Si como resultado de la VRA se determina que el nivel de riesgo es inaceptable, éste deberá gestionarse para eliminarlo o reducirlo a niveles aceptables para los potenciales receptores expuestos.

Esta herramienta es muy útil en los casos de descontaminación de los medios afectados, ya que permite establecer los niveles de concentración de los contaminantes por debajo de los cuales se puede afirmar que no existe riesgo para los receptores evaluados. En otras palabras, las concentraciones máximas admisibles (niveles objetivo o SSTL) en el área fuente.

Valoración de Riesgos Ambientales en España

Con el fin de facilitar y homogeneizar la realización de los ACR que presentan sus administrados, algunas Comunidades Autónomas, como Madrid, País Vasco y Andalucía han publicado guías para la realización de análisis cuantitativos y riesgos para la salud humana y los ecosistemas.

Herramientas para realizar la Valoración de Riesgos Ambientales

Como ayuda para realizar los análisis de riesgos se suelen utilizar programas informáticos. Cabe mencionar, a modo de ejemplo, los más difundidos: RBCA Tool Kit, o BP RISC. Todos ellos se basan en la representación del modelo conceptual del emplazamiento, las relaciones fuente-ruta-receptor y las características específicas del mismo.

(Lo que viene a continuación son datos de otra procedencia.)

(* Let $X$ be a topological space, let $\rho:\mathcal{F}\to[\Psi]^\omega$ be a partition regular function, and let $x:\Psi\to X$ be a sequence. Then \[ \Lambda_x(\mathcal{I}_\rho)\subseteq\Lambda_x(\rho)\subseteq\Gamma_x(\rho). \]
   Context: Let $\Omega,\Psi$ be countably infinite sets, $[\Psi]^\omega$ the family of infinite subsets of $\Psi$, and $\mathcal{F}\subseteq[\Omega]^\omega$ a nonempty family with $A\setminus K\in\mathcal{F}$ for all $A\in\mathcal{F}$ and finite $K\subseteq\Omega$. A function $\rho:\mathcal{F}\to[\Psi]^\omega$ is partition regular if: (M) $E\subseteq F$ in $\mathcal{F}$ implies $\rho(E)\subseteq\rho(F)$; (R) for every $F\in\mathcal{F}$ and $A,B\subseteq\Psi$ with $\rho(F)=A\cup B$ there is $E\in\mathcal{F}$ with $\rho(E)\subseteq A$ or $\rho(E)\subseteq B$; (S) for every $F\in\mathcal{F}$ there is $E\subseteq F$, $E\in\mathcal{F}$, such that for every $a\in\rho(E)$ there is a finite $K\subseteq\Omega$ with $a\notin\rho(E\setminus K)$. $\mathcal{I}_\rho=\{S\subseteq\Psi:\forall F\in\mathcal{F}\ \rho(F)\not\subseteq S\}$ (an ideal on $\Psi$), and $\mathcal{I}_\rho^+=\mathcal{P}(\Psi)\setminus\mathcal{I}_\rho$. $\Gamma_x(\rho)$ ($\rho$-cluster points) is the set of $\eta\in X$ such that for every neighborhood $U$ of $\eta$ there is $F\in\mathcal{F}$ with $\rho(F)\subseteq\{s\in\Psi:x_s\in U\}$. $\Lambda_x(\rho)$ ($\rho$-limit points) is the set of $\eta\in X$ for which there is $F\in\mathcal{F}$ such that for every neighborhood $U$ of $\eta$ there is a finite $K\subseteq\Omega$ with $x_s\in U$ for all $s\in\rho(F\setminus K)$. $\Lambda_x(\mathcal{I}_\rho)$ is the set of $\eta\in X$ for which there is $S\in\mathcal{I}_\rho^+$ such that the subsequence $(x_s)_{s\in S}$ converges to $\eta$ in the ordinary sense (for each neighborhood $U$ of $\eta$, $x_s\in U$ for all but finitely many $s\in S$). *)

theory Defs
  imports Complex_Main "HOL-Library.Countable_Set"
begin

definition admissible_family :: "'o set set \<Rightarrow> bool" where
  "admissible_family FF \<longleftrightarrow>
     FF \<noteq> {} \<and> (\<forall>A\<in>FF. infinite A) \<and> (\<forall>A\<in>FF. \<forall>K. finite K \<longrightarrow> A - K \<in> FF)"

definition partition_regular :: "'o set set \<Rightarrow> ('o set \<Rightarrow> 'p set) \<Rightarrow> bool" where
  "partition_regular FF rho \<longleftrightarrow>
     admissible_family FF \<and>
     (\<forall>F\<in>FF. infinite (rho F)) \<and>
     (\<forall>E\<in>FF. \<forall>F\<in>FF. E \<subseteq> F \<longrightarrow> rho E \<subseteq> rho F) \<and>
     (\<forall>F\<in>FF. \<forall>A B. rho F = A \<union> B \<longrightarrow> (\<exists>E\<in>FF. rho E \<subseteq> A \<or> rho E \<subseteq> B)) \<and>
     (\<forall>F\<in>FF. \<exists>E\<in>FF. E \<subseteq> F \<and>
        (\<forall>a\<in>rho E. \<exists>K. finite K \<and> a \<notin> rho (E - K)))"

definition rho_ideal :: "'o set set \<Rightarrow> ('o set \<Rightarrow> 'p set) \<Rightarrow> 'p set set" where
  "rho_ideal FF rho = {S. \<forall>F\<in>FF. \<not> rho F \<subseteq> S}"

definition rho_positive :: "'o set set \<Rightarrow> ('o set \<Rightarrow> 'p set) \<Rightarrow> 'p set set" where
  "rho_positive FF rho = UNIV - rho_ideal FF rho"

definition rho_cluster_points ::
  "'o set set \<Rightarrow> ('o set \<Rightarrow> 'p set) \<Rightarrow> ('p \<Rightarrow> 'x::topological_space) \<Rightarrow> 'x set" where
  "rho_cluster_points FF rho x =
     {\<eta>. \<forall>U. open U \<and> \<eta> \<in> U \<longrightarrow> (\<exists>F\<in>FF. rho F \<subseteq> {s. x s \<in> U})}"

definition rho_limit_points ::
  "'o set set \<Rightarrow> ('o set \<Rightarrow> 'p set) \<Rightarrow> ('p \<Rightarrow> 'x::topological_space) \<Rightarrow> 'x set" where
  "rho_limit_points FF rho x =
     {\<eta>. \<exists>F\<in>FF. \<forall>U. open U \<and> \<eta> \<in> U \<longrightarrow>
            (\<exists>K. finite K \<and> (\<forall>s\<in>rho (F - K). x s \<in> U))}"

definition ideal_limit_points ::
  "'o set set \<Rightarrow> ('o set \<Rightarrow> 'p set) \<Rightarrow> ('p \<Rightarrow> 'x::topological_space) \<Rightarrow> 'x set" where
  "ideal_limit_points FF rho x =
     {\<eta>. \<exists>S\<in>rho_positive FF rho. \<forall>U. open U \<and> \<eta> \<in> U \<longrightarrow> finite {s\<in>S. x s \<notin> U}}"

end

theory Submission
  imports Defs
begin

text \<open>Given an \<open>\<I>\<^sub>\<rho>\<close>-positive set \<open>S\<close> along which \<open>x\<close> converges to \<open>\<eta>\<close>, pick \<open>F\<close> with
  \<open>\<rho> F \<subseteq> S\<close> and shrink it by (S) to some \<open>E\<close> from which every single point of \<open>\<rho> E\<close> can be
  expelled by removing finitely many elements of \<open>\<Omega>\<close>. For a neighbourhood \<open>U\<close> of \<open>\<eta>\<close>
  only finitely many points of \<open>\<rho> E \<subseteq> S\<close> are mapped outside \<open>U\<close>; expelling all of them at
  once costs a finite union of finite sets, so \<open>E\<close> witnesses that \<open>\<eta>\<close> is a \<open>\<rho>\<close>-limit point.\<close>

lemma partition_regular_admissible:
  "partition_regular FF rho \<Longrightarrow> admissible_family FF"
  by (simp add: partition_regular_def)

lemma partition_regular_diff_finite:
  "partition_regular FF rho \<Longrightarrow> A \<in> FF \<Longrightarrow> finite K \<Longrightarrow> A - K \<in> FF"
  by (simp add: partition_regular_def admissible_family_def)

lemma partition_regular_mono:
  "partition_regular FF rho \<Longrightarrow> E \<in> FF \<Longrightarrow> F \<in> FF \<Longrightarrow> E \<subseteq> F \<Longrightarrow> rho E \<subseteq> rho F"
  by (simp add: partition_regular_def)

lemma partition_regular_expelling_subset:
  assumes "partition_regular FF rho" and "F \<in> FF"
  obtains E where "E \<in> FF" and "E \<subseteq> F"
    and "\<And>a. a \<in> rho E \<Longrightarrow> \<exists>K. finite K \<and> a \<notin> rho (E - K)"
  using assms unfolding partition_regular_def by metis

lemma partition_regular_expel_finite:
  assumes pr: "partition_regular FF rho" and E: "E \<in> FF"
    and expel: "\<And>a. a \<in> rho E \<Longrightarrow> \<exists>K. finite K \<and> a \<notin> rho (E - K)"
    and "finite B"
  obtains K where "finite K" and "rho (E - K) \<inter> B = {}"
proof -
  obtain KK where KK: "\<And>a. a \<in> rho E \<Longrightarrow> finite (KK a) \<and> a \<notin> rho (E - KK a)"
    using expel by metis
  define K where "K = (\<Union>a \<in> B \<inter> rho E. KK a)"
  have "finite K"
    unfolding K_def using \<open>finite B\<close> KK by auto
  have "a \<notin> rho (E - K)" if "a \<in> B" for a
  proof
    assume a: "a \<in> rho (E - K)"
    have EK: "E - K \<in> FF"
      using partition_regular_diff_finite[OF pr E \<open>finite K\<close>] .
    have aE: "a \<in> rho E"
      using a partition_regular_mono[OF pr EK E] by blast
    have "rho (E - K) \<subseteq> rho (E - KK a)"
      using KK[OF aE] \<open>a \<in> B\<close> aE
      by (intro partition_regular_mono[OF pr EK partition_regular_diff_finite[OF pr E]])
        (auto simp: K_def)
    then show False
      using a KK[OF aE] by blast
  qed
  then show thesis
    using that \<open>finite K\<close> by blast
qed

lemma ideal_limit_points_subset_rho_limit_points:
  assumes pr: "partition_regular FF rho"
  shows "ideal_limit_points FF rho x \<subseteq> rho_limit_points FF rho x"
proof
  fix \<eta> assume "\<eta> \<in> ideal_limit_points FF rho x"
  then obtain S where "S \<in> rho_positive FF rho"
    and conv: "\<And>U. open U \<Longrightarrow> \<eta> \<in> U \<Longrightarrow> finite {s\<in>S. x s \<notin> U}"
    unfolding ideal_limit_points_def by blast
  then obtain F where F: "F \<in> FF" "rho F \<subseteq> S"
    unfolding rho_positive_def rho_ideal_def by blast
  obtain E where E: "E \<in> FF" "E \<subseteq> F"
    and expel: "\<And>a. a \<in> rho E \<Longrightarrow> \<exists>K. finite K \<and> a \<notin> rho (E - K)"
    using partition_regular_expelling_subset[OF pr F(1)] by blast
  have rho_E: "rho E \<subseteq> S"
    using partition_regular_mono[OF pr E(1) F(1) E(2)] F(2) by blast
  have "\<exists>K. finite K \<and> (\<forall>s\<in>rho (E - K). x s \<in> U)" if U: "open U" "\<eta> \<in> U" for U
  proof -
    obtain K where "finite K" and K: "rho (E - K) \<inter> {s\<in>S. x s \<notin> U} = {}"
      by (rule partition_regular_expel_finite[OF pr E(1) expel conv[OF U]])
    have "rho (E - K) \<subseteq> rho E"
      using partition_regular_mono[OF pr partition_regular_diff_finite[OF pr E(1) \<open>finite K\<close>] E(1)]
      by blast
    then show ?thesis
      using \<open>finite K\<close> K rho_E by blast
  qed
  then show "\<eta> \<in> rho_limit_points FF rho x"
    unfolding rho_limit_points_def using E(1) by blast
qed

lemma rho_limit_points_subset_rho_cluster_points:
  assumes "admissible_family FF"
  shows "rho_limit_points FF rho x \<subseteq> rho_cluster_points FF rho x"
proof
  fix \<eta> assume "\<eta> \<in> rho_limit_points FF rho x"
  then obtain F where "F \<in> FF"
    and lim: "\<And>U. open U \<Longrightarrow> \<eta> \<in> U \<Longrightarrow> \<exists>K. finite K \<and> (\<forall>s\<in>rho (F - K). x s \<in> U)"
    unfolding rho_limit_points_def by blast
  have "\<exists>F'\<in>FF. rho F' \<subseteq> {s. x s \<in> U}" if U: "open U" "\<eta> \<in> U" for U
  proof -
    obtain K where "finite K" and K: "\<forall>s\<in>rho (F - K). x s \<in> U"
      using lim[OF U] by blast
    have "F - K \<in> FF"
      using assms \<open>F \<in> FF\<close> \<open>finite K\<close> by (simp add: admissible_family_def)
    then show ?thesis
      using K by blast
  qed
  then show "\<eta> \<in> rho_cluster_points FF rho x"
    unfolding rho_cluster_points_def by blast
qed

theorem proposition2p4:
  fixes FF :: "'o set set" and rho :: "'o set \<Rightarrow> 'p set"
    and x :: "'p \<Rightarrow> 'x::topological_space"
  assumes "countable (UNIV :: 'o set)" and "infinite (UNIV :: 'o set)"
    and "countable (UNIV :: 'p set)" and "infinite (UNIV :: 'p set)"
    and "partition_regular FF rho"
  shows "ideal_limit_points FF rho x \<subseteq> rho_limit_points FF rho x \<and>
         rho_limit_points FF rho x \<subseteq> rho_cluster_points FF rho x"
proof
  show "ideal_limit_points FF rho x \<subseteq> rho_limit_points FF rho x"
    using ideal_limit_points_subset_rho_limit_points[OF assms(5)] .
  show "rho_limit_points FF rho x \<subseteq> rho_cluster_points FF rho x"
    using rho_limit_points_subset_rho_cluster_points[OF partition_regular_admissible[OF assms(5)]] .
qed

end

El uso de estos programas requiere cierta experiencia, ya que es necesario llevar a cabo una correcta interpretación y validación de los resultados, así como un adecuado análisis de las incertidumbres de los datos empleados y de la sensibilidad del modelo a los mismos. Es crucial asegurar que no se ha producido una subestimación o sobreestimación de los riesgos.

Por último, hay que aclarar que la metodología de este tipo de análisis de riesgos difiere de la utilizada en los análisis de riesgos medioambientales para la obtención de la garantía financiera requerida a las actividades afectadas por la Ley 26/2008, de 23 de octubre, de Responsabilidad Ambiental.